* [Saved data entries]
══════════════════════════════

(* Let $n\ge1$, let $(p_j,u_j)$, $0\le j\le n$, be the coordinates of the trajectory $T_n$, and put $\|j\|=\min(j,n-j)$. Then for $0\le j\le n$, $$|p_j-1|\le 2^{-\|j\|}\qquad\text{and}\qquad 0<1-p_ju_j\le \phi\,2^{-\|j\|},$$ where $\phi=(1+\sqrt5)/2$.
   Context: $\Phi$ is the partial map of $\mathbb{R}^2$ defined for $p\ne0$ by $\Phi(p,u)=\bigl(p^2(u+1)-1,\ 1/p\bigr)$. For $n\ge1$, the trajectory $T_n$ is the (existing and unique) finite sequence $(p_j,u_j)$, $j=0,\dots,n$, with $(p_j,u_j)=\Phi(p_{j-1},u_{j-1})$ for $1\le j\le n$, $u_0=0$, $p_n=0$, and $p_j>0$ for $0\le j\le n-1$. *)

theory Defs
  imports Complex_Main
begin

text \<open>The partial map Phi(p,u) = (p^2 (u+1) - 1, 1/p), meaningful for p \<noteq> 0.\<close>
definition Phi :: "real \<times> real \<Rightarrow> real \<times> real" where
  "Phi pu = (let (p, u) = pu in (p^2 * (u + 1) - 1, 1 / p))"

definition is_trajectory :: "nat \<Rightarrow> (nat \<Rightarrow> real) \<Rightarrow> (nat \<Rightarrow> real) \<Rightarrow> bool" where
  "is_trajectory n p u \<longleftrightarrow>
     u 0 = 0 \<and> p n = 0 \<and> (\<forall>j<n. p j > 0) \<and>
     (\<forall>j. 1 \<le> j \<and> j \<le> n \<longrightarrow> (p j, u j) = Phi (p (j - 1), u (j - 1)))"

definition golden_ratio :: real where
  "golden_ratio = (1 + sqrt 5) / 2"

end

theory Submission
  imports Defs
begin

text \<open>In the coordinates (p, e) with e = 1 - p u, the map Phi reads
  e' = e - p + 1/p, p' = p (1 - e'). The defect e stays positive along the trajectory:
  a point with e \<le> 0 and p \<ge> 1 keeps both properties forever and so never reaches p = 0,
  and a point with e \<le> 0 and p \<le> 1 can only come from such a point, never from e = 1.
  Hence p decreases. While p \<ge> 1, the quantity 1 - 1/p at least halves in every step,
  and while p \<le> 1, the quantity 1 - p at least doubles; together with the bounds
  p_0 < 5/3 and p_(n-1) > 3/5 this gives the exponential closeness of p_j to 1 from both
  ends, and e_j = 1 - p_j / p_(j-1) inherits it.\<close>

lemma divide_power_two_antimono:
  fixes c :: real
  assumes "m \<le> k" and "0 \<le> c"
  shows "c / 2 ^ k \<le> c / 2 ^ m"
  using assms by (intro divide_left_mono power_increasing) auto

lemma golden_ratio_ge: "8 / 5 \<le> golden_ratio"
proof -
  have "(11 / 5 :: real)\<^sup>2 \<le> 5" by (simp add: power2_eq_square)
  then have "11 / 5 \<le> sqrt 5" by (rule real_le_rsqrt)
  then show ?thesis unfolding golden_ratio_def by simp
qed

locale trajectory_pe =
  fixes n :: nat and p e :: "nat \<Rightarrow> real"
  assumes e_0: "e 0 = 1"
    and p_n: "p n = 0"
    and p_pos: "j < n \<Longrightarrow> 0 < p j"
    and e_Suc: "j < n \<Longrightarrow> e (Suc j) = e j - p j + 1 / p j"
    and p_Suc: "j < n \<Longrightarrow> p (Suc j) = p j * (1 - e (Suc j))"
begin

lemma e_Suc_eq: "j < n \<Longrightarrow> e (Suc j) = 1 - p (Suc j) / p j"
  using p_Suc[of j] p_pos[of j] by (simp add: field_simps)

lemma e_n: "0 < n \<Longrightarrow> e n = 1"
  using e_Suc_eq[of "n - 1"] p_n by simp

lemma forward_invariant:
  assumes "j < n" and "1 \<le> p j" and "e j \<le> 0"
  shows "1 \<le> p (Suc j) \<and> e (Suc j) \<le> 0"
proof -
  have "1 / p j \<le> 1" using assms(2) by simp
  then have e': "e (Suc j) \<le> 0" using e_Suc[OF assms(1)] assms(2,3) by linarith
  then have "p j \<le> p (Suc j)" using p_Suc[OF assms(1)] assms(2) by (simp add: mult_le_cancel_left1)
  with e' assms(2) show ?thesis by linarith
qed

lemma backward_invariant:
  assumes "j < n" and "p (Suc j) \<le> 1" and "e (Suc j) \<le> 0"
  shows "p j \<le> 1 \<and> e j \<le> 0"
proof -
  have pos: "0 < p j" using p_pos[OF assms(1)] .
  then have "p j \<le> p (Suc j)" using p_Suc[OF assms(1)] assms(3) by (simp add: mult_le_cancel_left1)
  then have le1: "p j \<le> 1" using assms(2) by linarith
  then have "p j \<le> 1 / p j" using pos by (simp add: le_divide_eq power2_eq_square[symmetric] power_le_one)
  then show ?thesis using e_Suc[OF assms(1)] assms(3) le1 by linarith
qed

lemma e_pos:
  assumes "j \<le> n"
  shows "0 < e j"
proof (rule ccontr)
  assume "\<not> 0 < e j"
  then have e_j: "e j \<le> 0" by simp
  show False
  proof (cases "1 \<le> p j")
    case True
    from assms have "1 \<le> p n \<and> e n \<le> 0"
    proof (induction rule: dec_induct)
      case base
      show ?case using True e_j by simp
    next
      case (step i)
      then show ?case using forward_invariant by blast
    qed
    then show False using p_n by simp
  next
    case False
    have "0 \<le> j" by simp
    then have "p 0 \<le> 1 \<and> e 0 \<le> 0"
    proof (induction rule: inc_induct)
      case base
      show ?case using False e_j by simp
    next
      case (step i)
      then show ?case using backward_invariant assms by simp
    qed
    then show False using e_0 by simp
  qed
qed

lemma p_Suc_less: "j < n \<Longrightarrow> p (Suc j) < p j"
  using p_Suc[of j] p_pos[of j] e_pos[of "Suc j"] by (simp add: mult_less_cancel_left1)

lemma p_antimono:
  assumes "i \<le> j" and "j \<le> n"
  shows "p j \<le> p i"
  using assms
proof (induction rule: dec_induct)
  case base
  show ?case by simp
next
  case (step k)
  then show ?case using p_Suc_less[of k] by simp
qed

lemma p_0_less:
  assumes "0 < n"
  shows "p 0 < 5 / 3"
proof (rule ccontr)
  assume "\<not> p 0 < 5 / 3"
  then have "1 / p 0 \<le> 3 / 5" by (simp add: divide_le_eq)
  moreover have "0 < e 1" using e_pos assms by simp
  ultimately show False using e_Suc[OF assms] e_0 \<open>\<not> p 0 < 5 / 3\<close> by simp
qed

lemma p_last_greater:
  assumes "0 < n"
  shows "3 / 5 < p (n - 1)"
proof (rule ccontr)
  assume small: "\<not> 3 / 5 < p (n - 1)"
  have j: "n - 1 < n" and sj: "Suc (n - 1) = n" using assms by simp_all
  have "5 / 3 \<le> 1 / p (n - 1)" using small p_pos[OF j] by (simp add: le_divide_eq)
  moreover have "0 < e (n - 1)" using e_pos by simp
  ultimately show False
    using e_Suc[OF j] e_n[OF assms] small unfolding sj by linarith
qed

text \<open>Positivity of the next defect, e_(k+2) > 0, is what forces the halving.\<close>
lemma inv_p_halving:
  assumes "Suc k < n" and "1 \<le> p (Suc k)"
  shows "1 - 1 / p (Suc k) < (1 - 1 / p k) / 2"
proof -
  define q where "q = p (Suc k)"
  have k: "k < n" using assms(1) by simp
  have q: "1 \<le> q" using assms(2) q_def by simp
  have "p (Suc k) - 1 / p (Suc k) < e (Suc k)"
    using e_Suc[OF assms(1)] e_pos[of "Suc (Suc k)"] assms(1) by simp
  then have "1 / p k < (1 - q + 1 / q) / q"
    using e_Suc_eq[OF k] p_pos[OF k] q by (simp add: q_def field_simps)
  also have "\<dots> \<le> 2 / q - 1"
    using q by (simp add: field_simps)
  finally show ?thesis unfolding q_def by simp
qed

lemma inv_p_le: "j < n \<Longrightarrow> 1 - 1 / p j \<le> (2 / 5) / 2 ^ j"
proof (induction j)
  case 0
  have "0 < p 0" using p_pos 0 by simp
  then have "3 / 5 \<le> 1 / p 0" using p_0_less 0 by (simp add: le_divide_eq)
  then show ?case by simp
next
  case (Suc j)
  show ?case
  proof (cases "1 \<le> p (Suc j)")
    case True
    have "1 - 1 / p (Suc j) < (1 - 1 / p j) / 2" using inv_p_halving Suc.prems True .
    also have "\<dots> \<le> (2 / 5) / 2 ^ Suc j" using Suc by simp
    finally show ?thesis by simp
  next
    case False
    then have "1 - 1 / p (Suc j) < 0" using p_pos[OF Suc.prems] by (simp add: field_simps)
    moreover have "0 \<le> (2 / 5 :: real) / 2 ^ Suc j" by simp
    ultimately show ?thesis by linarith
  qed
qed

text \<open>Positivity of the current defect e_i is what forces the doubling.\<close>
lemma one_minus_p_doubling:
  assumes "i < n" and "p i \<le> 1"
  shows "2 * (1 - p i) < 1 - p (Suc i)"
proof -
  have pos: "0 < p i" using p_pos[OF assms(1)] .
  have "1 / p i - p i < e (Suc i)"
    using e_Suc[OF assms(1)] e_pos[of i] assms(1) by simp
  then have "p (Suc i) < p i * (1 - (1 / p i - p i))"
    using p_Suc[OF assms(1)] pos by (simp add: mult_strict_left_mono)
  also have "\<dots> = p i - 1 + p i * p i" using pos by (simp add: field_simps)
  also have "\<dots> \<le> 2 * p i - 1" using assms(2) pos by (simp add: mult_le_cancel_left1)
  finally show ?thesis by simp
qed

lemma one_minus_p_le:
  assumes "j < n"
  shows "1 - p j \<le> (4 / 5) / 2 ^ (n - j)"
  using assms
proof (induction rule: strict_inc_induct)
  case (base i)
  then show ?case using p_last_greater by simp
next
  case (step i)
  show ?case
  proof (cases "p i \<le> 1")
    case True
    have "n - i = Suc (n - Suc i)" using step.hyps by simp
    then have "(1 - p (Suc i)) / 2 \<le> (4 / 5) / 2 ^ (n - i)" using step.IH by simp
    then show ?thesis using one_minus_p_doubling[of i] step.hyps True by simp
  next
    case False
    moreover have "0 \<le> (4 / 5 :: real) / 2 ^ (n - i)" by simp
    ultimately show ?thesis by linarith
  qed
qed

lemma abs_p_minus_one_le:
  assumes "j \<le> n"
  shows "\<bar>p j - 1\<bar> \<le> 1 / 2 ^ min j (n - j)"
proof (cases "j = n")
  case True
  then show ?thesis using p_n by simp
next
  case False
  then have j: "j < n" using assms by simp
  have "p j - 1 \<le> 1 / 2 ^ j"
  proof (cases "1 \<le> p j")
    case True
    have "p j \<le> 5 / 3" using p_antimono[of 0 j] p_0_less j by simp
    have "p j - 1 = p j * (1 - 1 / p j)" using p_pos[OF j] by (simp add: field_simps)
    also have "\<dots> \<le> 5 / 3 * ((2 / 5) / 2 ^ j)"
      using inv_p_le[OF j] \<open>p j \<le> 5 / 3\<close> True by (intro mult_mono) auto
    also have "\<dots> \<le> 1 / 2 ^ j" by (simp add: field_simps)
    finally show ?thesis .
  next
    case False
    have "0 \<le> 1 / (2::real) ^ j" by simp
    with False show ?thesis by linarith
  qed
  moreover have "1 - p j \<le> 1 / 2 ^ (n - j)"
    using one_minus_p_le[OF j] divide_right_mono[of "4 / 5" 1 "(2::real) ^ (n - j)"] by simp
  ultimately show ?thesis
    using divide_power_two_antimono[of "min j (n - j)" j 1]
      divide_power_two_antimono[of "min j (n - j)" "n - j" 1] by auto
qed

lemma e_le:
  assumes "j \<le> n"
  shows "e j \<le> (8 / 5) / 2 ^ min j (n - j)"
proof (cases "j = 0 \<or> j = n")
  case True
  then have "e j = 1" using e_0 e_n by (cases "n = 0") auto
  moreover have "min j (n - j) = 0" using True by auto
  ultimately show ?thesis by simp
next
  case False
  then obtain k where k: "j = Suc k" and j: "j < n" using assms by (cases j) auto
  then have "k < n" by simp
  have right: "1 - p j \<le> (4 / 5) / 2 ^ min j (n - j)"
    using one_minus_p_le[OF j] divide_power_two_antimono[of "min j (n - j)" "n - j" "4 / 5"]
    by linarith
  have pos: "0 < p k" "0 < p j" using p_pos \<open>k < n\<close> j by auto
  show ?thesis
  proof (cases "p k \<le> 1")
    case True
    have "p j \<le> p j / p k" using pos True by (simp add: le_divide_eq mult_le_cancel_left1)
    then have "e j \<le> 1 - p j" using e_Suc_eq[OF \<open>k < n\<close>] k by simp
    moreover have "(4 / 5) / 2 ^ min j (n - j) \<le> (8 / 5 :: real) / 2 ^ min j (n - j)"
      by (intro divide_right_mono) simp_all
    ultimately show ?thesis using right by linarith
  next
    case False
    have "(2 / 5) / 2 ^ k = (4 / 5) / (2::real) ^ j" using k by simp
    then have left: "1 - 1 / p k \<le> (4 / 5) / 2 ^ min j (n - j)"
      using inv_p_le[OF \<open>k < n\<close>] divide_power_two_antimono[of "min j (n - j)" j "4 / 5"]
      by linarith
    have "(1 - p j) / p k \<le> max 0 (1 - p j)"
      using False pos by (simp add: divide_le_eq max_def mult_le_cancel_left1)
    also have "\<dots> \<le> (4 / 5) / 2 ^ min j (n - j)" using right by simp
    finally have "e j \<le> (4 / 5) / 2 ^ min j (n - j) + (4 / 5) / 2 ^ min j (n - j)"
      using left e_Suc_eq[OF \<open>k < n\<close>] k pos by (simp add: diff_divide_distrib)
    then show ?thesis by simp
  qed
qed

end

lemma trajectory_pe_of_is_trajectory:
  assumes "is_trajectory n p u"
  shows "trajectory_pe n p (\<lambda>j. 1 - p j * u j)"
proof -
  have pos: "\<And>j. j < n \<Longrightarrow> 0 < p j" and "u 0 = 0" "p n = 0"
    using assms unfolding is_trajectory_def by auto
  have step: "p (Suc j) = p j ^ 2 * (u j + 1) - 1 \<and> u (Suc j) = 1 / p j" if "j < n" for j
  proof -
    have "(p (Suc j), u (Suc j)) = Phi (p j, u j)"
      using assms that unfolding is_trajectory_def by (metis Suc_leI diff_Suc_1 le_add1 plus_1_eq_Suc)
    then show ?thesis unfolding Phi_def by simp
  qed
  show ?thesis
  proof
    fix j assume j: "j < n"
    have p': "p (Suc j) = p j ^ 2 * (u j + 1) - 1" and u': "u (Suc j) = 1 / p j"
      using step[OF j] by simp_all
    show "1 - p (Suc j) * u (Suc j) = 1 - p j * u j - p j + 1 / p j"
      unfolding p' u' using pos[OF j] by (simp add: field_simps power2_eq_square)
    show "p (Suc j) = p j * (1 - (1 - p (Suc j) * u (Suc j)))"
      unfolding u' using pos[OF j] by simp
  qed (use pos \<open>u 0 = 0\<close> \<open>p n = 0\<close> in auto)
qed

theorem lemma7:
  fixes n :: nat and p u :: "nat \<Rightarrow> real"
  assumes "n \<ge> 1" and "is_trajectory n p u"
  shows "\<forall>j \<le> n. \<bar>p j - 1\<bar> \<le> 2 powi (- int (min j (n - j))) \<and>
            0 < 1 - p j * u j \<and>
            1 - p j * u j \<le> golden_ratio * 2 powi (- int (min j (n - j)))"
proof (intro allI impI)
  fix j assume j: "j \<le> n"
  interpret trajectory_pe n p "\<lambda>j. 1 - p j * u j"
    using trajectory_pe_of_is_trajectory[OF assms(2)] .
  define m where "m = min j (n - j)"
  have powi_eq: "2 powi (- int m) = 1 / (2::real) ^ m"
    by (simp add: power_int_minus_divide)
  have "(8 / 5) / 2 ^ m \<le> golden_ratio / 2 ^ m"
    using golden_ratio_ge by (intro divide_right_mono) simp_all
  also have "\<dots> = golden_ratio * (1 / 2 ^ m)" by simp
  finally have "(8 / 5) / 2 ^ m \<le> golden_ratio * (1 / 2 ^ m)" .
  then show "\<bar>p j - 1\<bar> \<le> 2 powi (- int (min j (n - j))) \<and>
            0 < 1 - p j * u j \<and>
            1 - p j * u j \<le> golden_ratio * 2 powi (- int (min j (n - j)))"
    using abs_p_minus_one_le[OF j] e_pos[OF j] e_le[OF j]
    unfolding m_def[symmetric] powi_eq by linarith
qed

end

══════════════════════════════

* [What this task involves] Above are the entries. Copy exactly the part that opens with the line containing "p u \<longleftrightarrow>" and closes with the line containing "e' = e - p + 1/p, p'", and no more.

* [Problem solution]
  "is_trajectory n p u \<longleftrightarrow>
     u 0 = 0 \<and> p n = 0 \<and> (\<forall>j<n. p j > 0) \<and>
     (\<forall>j. 1 \<le> j \<and> j \<le> n \<longrightarrow> (p j, u j) = Phi (p (j - 1), u (j - 1)))"

definition golden_ratio :: real where
  "golden_ratio = (1 + sqrt 5) / 2"

end

theory Submission
  imports Defs
begin

text \<open>In the coordinates (p, e) with e = 1 - p u, the map Phi reads
  e' = e - p + 1/p, p' = p (1 - e'). The defect e stays positive along the trajectory:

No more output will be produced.